A partir da proposta da interdisciplina de Educação de Pessoas com Necessidades Educacionais Especiais em relatar alguma experiência com Educação Especial, me lembrei imediatamente de uma criança que faz parte da minha família e se enquadra em várias situações mencionadas desde o início dessa insterdisciplina.

Tenho uma prima que está com doze anos, a Laura. Minha Tia  já tinha um filho de três anos, quando engravidou pela segunda vez, aparentemente teve uma gravidez normal. Porém quando minha prima estava com dois meses teve uma pneumonia gravissíma, quando ficou na UTI por vários dias, imaginavamos que ela não iria sobreviver pelo que os médicos falavam.

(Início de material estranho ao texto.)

lemma adagger_tendsto_top:
  assumes "b > 0" "\<Delta> > 0"
  shows "filterlim (adagger b \<Delta>) (at_left 0) at_top"
proof -
  have "filterlim (\<lambda>s. 1 / \<Delta>\<^sup>2 * s) at_top at_top"
    using assms by (intro filterlim_tendsto_pos_mult_at_top[OF tendsto_const _ filterlim_ident]) simp
  then have "((\<lambda>s. argmax_of (z_of_var (s / \<Delta>\<^sup>2))) \<longlongrightarrow> argmax_of zlow) at_top"
    by (intro isCont_tendsto_compose[OF argmax_of_isCont] filterlim_compose[OF z_of_var_tendsto_top]) simp_all
  moreover have "argmax_of zlow = 0"
    unfolding argmax_of_def mz_def qz_zlow by simp
  ultimately have "((\<lambda>s. b\<^sup>2 / \<Delta> * argmax_of (z_of_var (s / \<Delta>\<^sup>2))) \<longlongrightarrow> 0) at_top"
    using tendsto_mult_left[of _ 0 _ "b\<^sup>2 / \<Delta>"] by simp
  moreover have "\<forall>\<^sub>F s in at_top. b\<^sup>2 / \<Delta> * argmax_of (z_of_var (s / \<Delta>\<^sup>2)) = adagger b \<Delta> s"
    using eventually_gt_at_top[of 0] by (rule eventually_mono) (simp add: adagger_eq assms)
  ultimately have "(adagger b \<Delta> \<longlongrightarrow> 0) at_top"
    by (rule tendsto_cong[THEN iffD1, rotated])
  moreover have "\<forall>\<^sub>F s in at_top. adagger b \<Delta> s < 0"
    using eventually_gt_at_top[of "\<Delta>\<^sup>2"]
  proof (rule eventually_mono)
    fix s assume "\<Delta>\<^sup>2 < s"
    moreover have "0 < \<Delta>\<^sup>2"
      using assms by simp
    ultimately have "s > 0"
      by linarith
    have "var_of 0 < s / \<Delta>\<^sup>2"
      using \<open>\<Delta>\<^sup>2 < s\<close> assms unfolding var_of_def qz_def by (simp add: field_simps)
    then have "z_of_var (s / \<Delta>\<^sup>2) < 0"
      using z_of_var_less_iff[of "s / \<Delta>\<^sup>2" 0] zlow_bounds \<open>s > 0\<close> assms by simp
    moreover have "mz (z_of_var (s / \<Delta>\<^sup>2)) > 0"
      using param_pos(3) z_of_var_bounds \<open>s > 0\<close> assms by simp
    ultimately have "argmax_of (z_of_var (s / \<Delta>\<^sup>2)) < 0"
      unfolding argmax_of_def by (rule mult_neg_pos)
    then show "adagger b \<Delta> s < 0"
      using assms unfolding adagger_eq[OF assms \<open>s > 0\<close>] by (intro mult_pos_neg) simp_all
  qed
  ultimately show ?thesis
    by (rule tendsto_imp_filterlim_at_left)
qed

theorem theorem7:
  fixes b \<Delta> :: real
  assumes "b > 0" and "\<Delta> > 0"
  shows "(\<forall>s>0. \<exists>!a. is_max_E1 b \<Delta> s a)
    \<and> (\<exists>!(s1, s2). 0 < s1 \<and> s1 < \<Delta>\<^sup>2 \<and> \<Delta>\<^sup>2 < s2
          \<and> strict_mono_on {0<..<s1} (adagger b \<Delta>)
          \<and> strict_antimono_on {s1<..<s2} (adagger b \<Delta>)
          \<and> strict_mono_on {s2<..} (adagger b \<Delta>))
    \<and> (adagger b \<Delta> \<longlongrightarrow> b\<^sup>2 / \<Delta>) (at_right 0)
    \<and> filterlim (adagger b \<Delta>) (at_left 0) at_top"
proof -
  have "0 < \<Delta>\<^sup>2 * var_of crit_hi" "\<Delta>\<^sup>2 * var_of crit_hi < \<Delta>\<^sup>2" "\<Delta>\<^sup>2 < \<Delta>\<^sup>2 * var_of crit_lo"
    using var_of_thresholds assms by simp_all
  note turning_points = ex1_turning_points[OF this adagger_monotone_pieces[OF assms]]
  show ?thesis
    by (intro conjI allI impI turning_points ex1_is_max_E1[OF assms]
        adagger_tendsto_0[OF assms] adagger_tendsto_top[OF assms])
qed

end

Laura sobreviveu, claro sempre com uma saúde bem frágil, no início achamos que era só isso, mas não foi. Ela foi crescendo e com isto aparecendo certas situações que revelavam que ela  era uma criança especial.

Meus Tios sempre muito dedicados começaram a frequentar vários médicos em busca de esclarescimentos, ela caminhava, não falava, fazia movimentos repetitivos.

Até que um dia um médico colocou para ele que o problema da Laura era bem complicado, pois ela era uma autista e também tinha um retardo mentgal.

Laura cresceu frequentando consultórios médicos, épocas sem crises agudas outras mais, ficando até sem se alimentar direito por vários dias.

MInha Tia com orientação de uma psicóloga, resolveu procurar uma escola para Laura, o que foi outro desgaste, pois várias  negaram o ingresso, argumentando não estarem preparadas para atender tal necessidade. Nem as escolas de educação especial, nem as escolas regulares.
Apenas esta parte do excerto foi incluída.